▸ **Data section**:
(* For any constant $c > 0$, consider RLS-GP with $F = \{\mathrm{AND}, \mathrm{OR}\}$, $L = \{x_1, \ldots, x_n\}$, a tree size limit $\ell \ge n$, using in each iteration a fresh training set of $s = n^c \lg^2 n$ inputs sampled uniformly at random from $\{0,1\}^n$ to evaluate solution quality, and terminating (returning its current solution) when the sampled error of its current solution is at most $c' \lg n$, where $c'$ is an appropriately large constant. For the target $\mathrm{AND}_n$, and likewise for the target $\mathrm{OR}_n$, with probability at least $1 - O(\log^2(n)/n)$ the algorithm terminates within $O(\log n)$ iterations and returns a solution with generalisation error at most $n^{-c}$.
   Context: Programs are finite rooted binary trees (the empty tree is allowed) whose internal nodes are labelled by binary Boolean functions from $F$ and whose leaves are labelled by literals from $L$; a program computes a Boolean function of $(x_1,\dots,x_n)$ in the obvious way. $\mathrm{AND}_n(x) = x_1 \wedge \dots \wedge x_n$, $\mathrm{OR}_n(x) = x_1 \vee \dots \vee x_n$; $h$ denotes the target. The generalisation error of $X$ is $|\{x \in \{0,1\}^n : X(x) \ne h(x)\}|/2^n$. In each iteration a fresh training set of $s$ inputs is drawn independently and uniformly at random from $\{0,1\}^n$; the sampled error $f(X)$ of a program $X$ in that iteration is the number of sampled inputs on which $X$ differs from $h$; parent and offspring are evaluated on the same training set. LeafCount$(X)$ is the number of leaves. HVL-Prime with subtree deletion, applied to a tree $X$: choose $op \in \{\mathrm{INS}, \mathrm{DEL}, \mathrm{SUB}\}$, a literal $l \in L$ and a function $g \in F$, independently and uniformly at random. If $X$ is empty, the result is the single leaf $l$. Otherwise: if $op = \mathrm{INS}$, choose a node $x$ of $X$ uniformly at random and replace it by a new node labelled $g$ whose two children are the subtree rooted at $x$ and a new leaf $l$, in uniformly random order; if $op = \mathrm{DEL}$, choose a node $x$ of $X$ (leaf or internal) uniformly at random and replace the parent of $x$ by the sibling of $x$; if $op = \mathrm{SUB}$, choose a leaf of $X$ uniformly at random and replace it by $l$. RLS-GP with tree size limit $\ell$: start with the empty tree $X$; in each iteration let $X' := $ HVL-Prime$(X)$, and if LeafCount$(X') \le \ell$ and $f(X') \le f(X)$ (sampled errors on the current training set) then set $X := X'$. $\lg$ is the base-2 logarithm; asymptotics are as $n \to \infty$. *)

theory Defs
  imports "HOL-Probability.Probability"
begin

text \<open>Programs: non-empty trees; the possibly empty program is a gp option
  (None = the empty tree). Internal nodes carry True = AND, False = OR.
  Leaves carry a variable index i < n, standing for the literal x_(i+1).
  Inputs are bool lists of length n.\<close>

datatype gp = Lf nat | Nd bool gp gp

fun evalgp :: "gp \<Rightarrow> bool list \<Rightarrow> bool" where
  "evalgp (Lf i) x = x ! i"
| "evalgp (Nd g l r) x = (if g then evalgp l x \<and> evalgp r x else evalgp l x \<or> evalgp r x)"

text \<open>Convention: the empty program disagrees with the target on every input.\<close>
definition agrees :: "(bool list \<Rightarrow> bool) \<Rightarrow> gp option \<Rightarrow> bool list \<Rightarrow> bool" where
  "agrees h X x = (case X of None \<Rightarrow> False | Some t \<Rightarrow> evalgp t x = h x)"

fun leaves :: "gp \<Rightarrow> nat" where
  "leaves (Lf i) = 1"
| "leaves (Nd g l r) = leaves l + leaves r"

definition leafcount :: "gp option \<Rightarrow> nat" where
  "leafcount X = (case X of None \<Rightarrow> 0 | Some t \<Rightarrow> leaves t)"

definition ANDn :: "nat \<Rightarrow> bool list \<Rightarrow> bool" where
  "ANDn n x = (\<forall>i<n. x ! i)"

definition ORn :: "nat \<Rightarrow> bool list \<Rightarrow> bool" where
  "ORn n x = (\<exists>i<n. x ! i)"

definition inputs :: "nat \<Rightarrow> bool list set" where
  "inputs n = {x. length x = n}"

definition generr :: "nat \<Rightarrow> (bool list \<Rightarrow> bool) \<Rightarrow> gp option \<Rightarrow> real" where
  "generr n h X = real (card {x \<in> inputs n. \<not> agrees h X x}) / 2 ^ n"

definition serr :: "(bool list \<Rightarrow> bool) \<Rightarrow> gp option \<Rightarrow> bool list list \<Rightarrow> nat" where
  "serr h X S = length (filter (\<lambda>x. \<not> agrees h X x) S)"

fun samples :: "nat \<Rightarrow> nat \<Rightarrow> bool list list pmf" where
  "samples n 0 = return_pmf []"
| "samples n (Suc k) = do { x \<leftarrow> pmf_of_set (inputs n); xs \<leftarrow> samples n k; return_pmf (x # xs) }"

text \<open>Node positions as paths (False = left child, True = right child).\<close>
fun positions :: "gp \<Rightarrow> bool list set" where
  "positions (Lf i) = {[]}"
| "positions (Nd g l r) = insert [] (Cons False ` positions l \<union> Cons True ` positions r)"

fun leafpos :: "gp \<Rightarrow> bool list set" where
  "leafpos (Lf i) = {[]}"
| "leafpos (Nd g l r) = Cons False ` leafpos l \<union> Cons True ` leafpos r"

fun subt :: "gp \<Rightarrow> bool list \<Rightarrow> gp" where
  "subt t [] = t"
| "subt (Lf i) (_ # _) = Lf i"
| "subt (Nd g l r) (b # p) = (if b then subt r p else subt l p)"

fun repl :: "gp \<Rightarrow> bool list \<Rightarrow> gp \<Rightarrow> gp" where
  "repl t [] u = u"
| "repl (Lf i) (_ # _) u = Lf i"
| "repl (Nd g l r) (b # p) u = (if b then Nd g l (repl r p u) else Nd g (repl l p u) r)"

datatype mop = INS | DEL | SUB

text \<open>Deleting node x replaces its parent by its sibling; deleting the root
  yields the empty tree.\<close>
definition del_at :: "gp \<Rightarrow> bool list \<Rightarrow> gp option" where
  "del_at t p = (if p = [] then None
     else Some (repl t (butlast p) (subt t (butlast p @ [\<not> last p]))))"

definition hvl :: "nat \<Rightarrow> gp option \<Rightarrow> gp option pmf" where
  "hvl n X = do {
     op \<leftarrow> pmf_of_set {INS, DEL, SUB};
     l \<leftarrow> pmf_of_set {0..<n};
     g \<leftarrow> pmf_of_set {True, False};
     (case X of
        None \<Rightarrow> return_pmf (Some (Lf l))
      | Some t \<Rightarrow> (case op of
          INS \<Rightarrow> do { p \<leftarrow> pmf_of_set (positions t); b \<leftarrow> pmf_of_set {True, False};
                     return_pmf (Some (repl t p (if b then Nd g (subt t p) (Lf l) else Nd g (Lf l) (subt t p)))) }
        | DEL \<Rightarrow> do { p \<leftarrow> pmf_of_set (positions t); return_pmf (del_at t p) }
        | SUB \<Rightarrow> do { p \<leftarrow> pmf_of_set (leafpos t); return_pmf (Some (repl t p (Lf l))) }))
   }"

text \<open>State: (current program, terminated).\<close>
definition rls_step :: "nat \<Rightarrow> nat \<Rightarrow> nat \<Rightarrow> (bool list \<Rightarrow> bool) \<Rightarrow> real
    \<Rightarrow> gp option \<times> bool \<Rightarrow> (gp option \<times> bool) pmf" where
  "rls_step n s ell h thr st = (case st of (X, d) \<Rightarrow>
     if d then return_pmf (X, True)
     else do {
       S \<leftarrow> samples n s;
       if real (serr h X S) \<le> thr then return_pmf (X, True)
       else do {
         X' \<leftarrow> hvl n X;
         return_pmf (if leafcount X' \<le> ell \<and> serr h X' S \<le> serr h X S then X' else X, False) } })"

fun rls_run :: "nat \<Rightarrow> nat \<Rightarrow> nat \<Rightarrow> (bool list \<Rightarrow> bool) \<Rightarrow> real \<Rightarrow> nat \<Rightarrow> (gp option \<times> bool) pmf" where
  "rls_run n s ell h thr 0 = return_pmf (None, False)"
| "rls_run n s ell h thr (Suc T) = bind_pmf (rls_run n s ell h thr T) (rls_step n s ell h thr)"

definition ssize :: "real \<Rightarrow> nat \<Rightarrow> nat" where
  "ssize c n = nat \<lceil>real n powr c * (log 2 (real n))\<^sup>2\<rceil>"

end

theory Submission
  imports Defs "HOL-Library.Multiset" "HOL-Real_Asymp.Real_Asymp"
begin

text \<open>
  We treat AND_n and OR_n together as the n-ary gate with output value b (True for AND,
  False for OR). Starting from a single leaf, the current program stays a pure tree: only
  b-gates over distinct variables. Such a tree with k leaves errs only on inputs where all its
  k variables equal b, so its generalisation error is at most 2^-k. A mutation whose literal is
  fresh (probability (n - k)/n) is improving (a b-gate with a fresh variable is inserted,
  probability at least (n - k)/(6n)), neutral (a leaf is substituted), or harmful: then the
  offspring errs on a subcube of density at least 2^-(k+1) on which the parent is correct,
  and while the parent's error exceeds the threshold, a training set of n^c lg^2 n inputs hits
  that subcube with high probability, so the offspring is rejected. Chernoff bounds on the
  sampled error make premature termination, and failure to terminate once the error is small,
  unlikely. Hence the number of leaves climbs with constant probability per iteration and
  rarely falls back; after O(log n) iterations it exceeds (c + 1) lg n, where the error is
  below n^-c and the run stops.
\<close>

fun leaf_vars :: "gp \<Rightarrow> nat list" where
  "leaf_vars (Lf i) = [i]"
| "leaf_vars (Nd g l r) = leaf_vars l @ leaf_vars r"

fun gate_labels :: "gp \<Rightarrow> bool set" where
  "gate_labels (Lf i) = {}"
| "gate_labels (Nd g l r) = insert g (gate_labels l \<union> gate_labels r)"

fun outside_vars :: "gp \<Rightarrow> bool list \<Rightarrow> nat list" where
  "outside_vars t [] = []"
| "outside_vars (Lf i) (_ # _) = []"
| "outside_vars (Nd g l r) (d # p) =
     (if d then leaf_vars l @ outside_vars r p else outside_vars l p @ leaf_vars r)"

lemma leaves_eq_length_leaf_vars: "leaves t = length (leaf_vars t)"
  by (induction t) auto

lemma leaf_vars_not_Nil: "leaf_vars t \<noteq> []"
  by (induction t) auto

lemma finite_positions: "finite (positions t)"
  by (induction t) auto

lemma positions_not_empty: "positions t \<noteq> {}"
  by (cases t) auto

lemma finite_leafpos: "finite (leafpos t)"
  by (induction t) auto

lemma leafpos_not_empty: "leafpos t \<noteq> {}"
  by (induction t) auto

lemma leafpos_subset_positions: "leafpos t \<subseteq> positions t"
  by (induction t) auto

lemma subt_leafpos: "p \<in> leafpos t \<Longrightarrow> \<exists>j. subt t p = Lf j"
  by (induction t arbitrary: p) auto

lemma subt_snoc:
  "q @ [e] \<in> positions t \<Longrightarrow> q \<in> positions t \<and> (\<exists>g u v. subt t q = Nd g u v
     \<and> subt t (q @ [e]) = (if e then v else u) \<and> subt t (q @ [\<not> e]) = (if e then u else v))"
proof (induction q arbitrary: t)
  case Nil
  then show ?case by (cases t) auto
next
  case (Cons d q)
  then obtain g u v where t: "t = Nd g u v" by (cases t) auto
  show ?case
  proof (cases d)
    case True
    with Cons.prems t have "q @ [e] \<in> positions v" by auto
    from Cons.IH[OF this] show ?thesis using t True by simp
  next
    case False
    with Cons.prems t have "q @ [e] \<in> positions u" by auto
    from Cons.IH[OF this] show ?thesis using t False by simp
  qed
qed

lemma mset_leaf_vars_subt: "mset (leaf_vars t) = mset (outside_vars t p) + mset (leaf_vars (subt t p))"
  by (induction t p rule: outside_vars.induct) auto

lemma mset_leaf_vars_repl:
  "p \<in> positions t \<Longrightarrow> mset (leaf_vars (repl t p w)) = mset (outside_vars t p) + mset (leaf_vars w)"
  by (induction t p rule: outside_vars.induct) auto

lemma gate_labels_repl: "gate_labels (repl t p w) \<subseteq> gate_labels t \<union> gate_labels w"
  by (induction t p rule: outside_vars.induct) auto

lemma gate_labels_subt: "gate_labels (subt t p) \<subseteq> gate_labels t"
  by (induction t p rule: outside_vars.induct) auto

lemma evalgp_eq_iff_leaf_vars:
  "gate_labels t \<subseteq> {b} \<Longrightarrow> evalgp t x = b \<longleftrightarrow> (\<forall>i\<in>set (leaf_vars t). x ! i = b)"
  by (induction t) auto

▸ **Exercise brief**:
Within the listing above, work out the number of lines that hold "imports", and give that number alone.

▸ **Solution**:
2